▼▼▼
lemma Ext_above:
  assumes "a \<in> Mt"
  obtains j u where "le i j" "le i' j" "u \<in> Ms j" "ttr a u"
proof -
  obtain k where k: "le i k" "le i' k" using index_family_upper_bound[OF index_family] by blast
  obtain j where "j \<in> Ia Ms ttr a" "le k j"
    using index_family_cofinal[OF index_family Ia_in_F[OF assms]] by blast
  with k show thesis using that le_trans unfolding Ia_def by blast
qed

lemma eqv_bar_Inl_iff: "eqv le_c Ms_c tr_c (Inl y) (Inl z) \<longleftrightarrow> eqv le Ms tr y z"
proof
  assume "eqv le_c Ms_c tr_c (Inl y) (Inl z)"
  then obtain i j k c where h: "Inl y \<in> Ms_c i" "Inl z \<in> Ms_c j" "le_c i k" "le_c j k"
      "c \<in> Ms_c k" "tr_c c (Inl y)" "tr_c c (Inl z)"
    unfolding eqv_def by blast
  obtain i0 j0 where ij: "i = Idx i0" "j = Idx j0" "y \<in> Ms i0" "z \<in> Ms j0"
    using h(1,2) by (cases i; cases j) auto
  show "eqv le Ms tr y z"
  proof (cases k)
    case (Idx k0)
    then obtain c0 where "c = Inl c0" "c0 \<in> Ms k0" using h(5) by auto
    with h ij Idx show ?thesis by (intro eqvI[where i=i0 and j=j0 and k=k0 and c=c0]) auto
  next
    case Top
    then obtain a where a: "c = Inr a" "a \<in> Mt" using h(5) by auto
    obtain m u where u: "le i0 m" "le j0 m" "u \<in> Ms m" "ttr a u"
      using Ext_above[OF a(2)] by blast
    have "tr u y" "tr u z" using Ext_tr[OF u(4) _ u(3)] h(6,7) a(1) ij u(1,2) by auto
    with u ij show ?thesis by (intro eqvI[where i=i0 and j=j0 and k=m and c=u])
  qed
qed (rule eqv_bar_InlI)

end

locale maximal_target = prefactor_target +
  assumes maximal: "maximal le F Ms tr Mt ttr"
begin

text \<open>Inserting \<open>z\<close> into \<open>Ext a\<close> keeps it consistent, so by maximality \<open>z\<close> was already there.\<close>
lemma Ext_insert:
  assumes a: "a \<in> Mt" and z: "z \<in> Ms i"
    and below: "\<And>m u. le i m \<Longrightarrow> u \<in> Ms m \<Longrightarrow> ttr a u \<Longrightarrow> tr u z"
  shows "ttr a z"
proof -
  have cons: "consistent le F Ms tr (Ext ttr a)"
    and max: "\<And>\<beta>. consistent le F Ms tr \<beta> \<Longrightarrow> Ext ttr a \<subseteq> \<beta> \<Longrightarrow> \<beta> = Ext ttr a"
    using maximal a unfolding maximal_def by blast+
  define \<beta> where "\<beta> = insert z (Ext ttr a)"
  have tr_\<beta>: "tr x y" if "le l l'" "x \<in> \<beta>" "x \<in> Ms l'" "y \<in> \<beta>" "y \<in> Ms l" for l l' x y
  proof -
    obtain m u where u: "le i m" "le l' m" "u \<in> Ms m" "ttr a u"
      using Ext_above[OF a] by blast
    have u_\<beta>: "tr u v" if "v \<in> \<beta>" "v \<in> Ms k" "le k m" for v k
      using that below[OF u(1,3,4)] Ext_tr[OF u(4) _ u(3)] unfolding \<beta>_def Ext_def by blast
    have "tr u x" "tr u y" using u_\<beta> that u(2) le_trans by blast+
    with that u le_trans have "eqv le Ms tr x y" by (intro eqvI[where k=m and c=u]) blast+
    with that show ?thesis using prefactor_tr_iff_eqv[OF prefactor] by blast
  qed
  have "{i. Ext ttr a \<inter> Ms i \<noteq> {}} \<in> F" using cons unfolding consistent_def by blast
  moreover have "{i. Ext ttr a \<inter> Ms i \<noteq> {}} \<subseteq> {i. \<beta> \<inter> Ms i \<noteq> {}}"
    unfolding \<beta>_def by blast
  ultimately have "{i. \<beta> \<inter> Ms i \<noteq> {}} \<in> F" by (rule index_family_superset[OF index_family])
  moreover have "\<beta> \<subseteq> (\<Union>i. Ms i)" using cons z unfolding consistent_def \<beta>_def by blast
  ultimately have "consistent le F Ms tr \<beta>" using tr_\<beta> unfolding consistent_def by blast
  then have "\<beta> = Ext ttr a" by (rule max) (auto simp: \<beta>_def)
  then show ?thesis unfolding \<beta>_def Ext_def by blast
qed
▲▲▲
## [Try it]
Return every record, word for word.

## [Written response]
lemma Ext_above:
  assumes "a \<in> Mt"
  obtains j u where "le i j" "le i' j" "u \<in> Ms j" "ttr a u"
proof -
  obtain k where k: "le i k" "le i' k" using index_family_upper_bound[OF index_family] by blast
  obtain j where "j \<in> Ia Ms ttr a" "le k j"
    using index_family_cofinal[OF index_family Ia_in_F[OF assms]] by blast
  with k show thesis using that le_trans unfolding Ia_def by blast
qed

lemma eqv_bar_Inl_iff: "eqv le_c Ms_c tr_c (Inl y) (Inl z) \<longleftrightarrow> eqv le Ms tr y z"
proof
  assume "eqv le_c Ms_c tr_c (Inl y) (Inl z)"
  then obtain i j k c where h: "Inl y \<in> Ms_c i" "Inl z \<in> Ms_c j" "le_c i k" "le_c j k"
      "c \<in> Ms_c k" "tr_c c (Inl y)" "tr_c c (Inl z)"
    unfolding eqv_def by blast
  obtain i0 j0 where ij: "i = Idx i0" "j = Idx j0" "y \<in> Ms i0" "z \<in> Ms j0"
    using h(1,2) by (cases i; cases j) auto
  show "eqv le Ms tr y z"
  proof (cases k)
    case (Idx k0)
    then obtain c0 where "c = Inl c0" "c0 \<in> Ms k0" using h(5) by auto
    with h ij Idx show ?thesis by (intro eqvI[where i=i0 and j=j0 and k=k0 and c=c0]) auto
  next
    case Top
    then obtain a where a: "c = Inr a" "a \<in> Mt" using h(5) by auto
    obtain m u where u: "le i0 m" "le j0 m" "u \<in> Ms m" "ttr a u"
      using Ext_above[OF a(2)] by blast
    have "tr u y" "tr u z" using Ext_tr[OF u(4) _ u(3)] h(6,7) a(1) ij u(1,2) by auto
    with u ij show ?thesis by (intro eqvI[where i=i0 and j=j0 and k=m and c=u])
  qed
qed (rule eqv_bar_InlI)

end

locale maximal_target = prefactor_target +
  assumes maximal: "maximal le F Ms tr Mt ttr"
begin

text \<open>Inserting \<open>z\<close> into \<open>Ext a\<close> keeps it consistent, so by maximality \<open>z\<close> was already there.\<close>
lemma Ext_insert:
  assumes a: "a \<in> Mt" and z: "z \<in> Ms i"
    and below: "\<And>m u. le i m \<Longrightarrow> u \<in> Ms m \<Longrightarrow> ttr a u \<Longrightarrow> tr u z"
  shows "ttr a z"
proof -
  have cons: "consistent le F Ms tr (Ext ttr a)"
    and max: "\<And>\<beta>. consistent le F Ms tr \<beta> \<Longrightarrow> Ext ttr a \<subseteq> \<beta> \<Longrightarrow> \<beta> = Ext ttr a"
    using maximal a unfolding maximal_def by blast+
  define \<beta> where "\<beta> = insert z (Ext ttr a)"
  have tr_\<beta>: "tr x y" if "le l l'" "x \<in> \<beta>" "x \<in> Ms l'" "y \<in> \<beta>" "y \<in> Ms l" for l l' x y
  proof -
    obtain m u where u: "le i m" "le l' m" "u \<in> Ms m" "ttr a u"
      using Ext_above[OF a] by blast
    have u_\<beta>: "tr u v" if "v \<in> \<beta>" "v \<in> Ms k" "le k m" for v k
      using that below[OF u(1,3,4)] Ext_tr[OF u(4) _ u(3)] unfolding \<beta>_def Ext_def by blast
    have "tr u x" "tr u y" using u_\<beta> that u(2) le_trans by blast+
    with that u le_trans have "eqv le Ms tr x y" by (intro eqvI[where k=m and c=u]) blast+
    with that show ?thesis using prefactor_tr_iff_eqv[OF prefactor] by blast
  qed
  have "{i. Ext ttr a \<inter> Ms i \<noteq> {}} \<in> F" using cons unfolding consistent_def by blast
  moreover have "{i. Ext ttr a \<inter> Ms i \<noteq> {}} \<subseteq> {i. \<beta> \<inter> Ms i \<noteq> {}}"
    unfolding \<beta>_def by blast
  ultimately have "{i. \<beta> \<inter> Ms i \<noteq> {}} \<in> F" by (rule index_family_superset[OF index_family])
  moreover have "\<beta> \<subseteq> (\<Union>i. Ms i)" using cons z unfolding consistent_def \<beta>_def by blast
  ultimately have "consistent le F Ms tr \<beta>" using tr_\<beta> unfolding consistent_def by blast
  then have "\<beta> = Ext ttr a" by (rule max) (auto simp: \<beta>_def)
  then show ?thesis unfolding \<beta>_def Ext_def by blast
qed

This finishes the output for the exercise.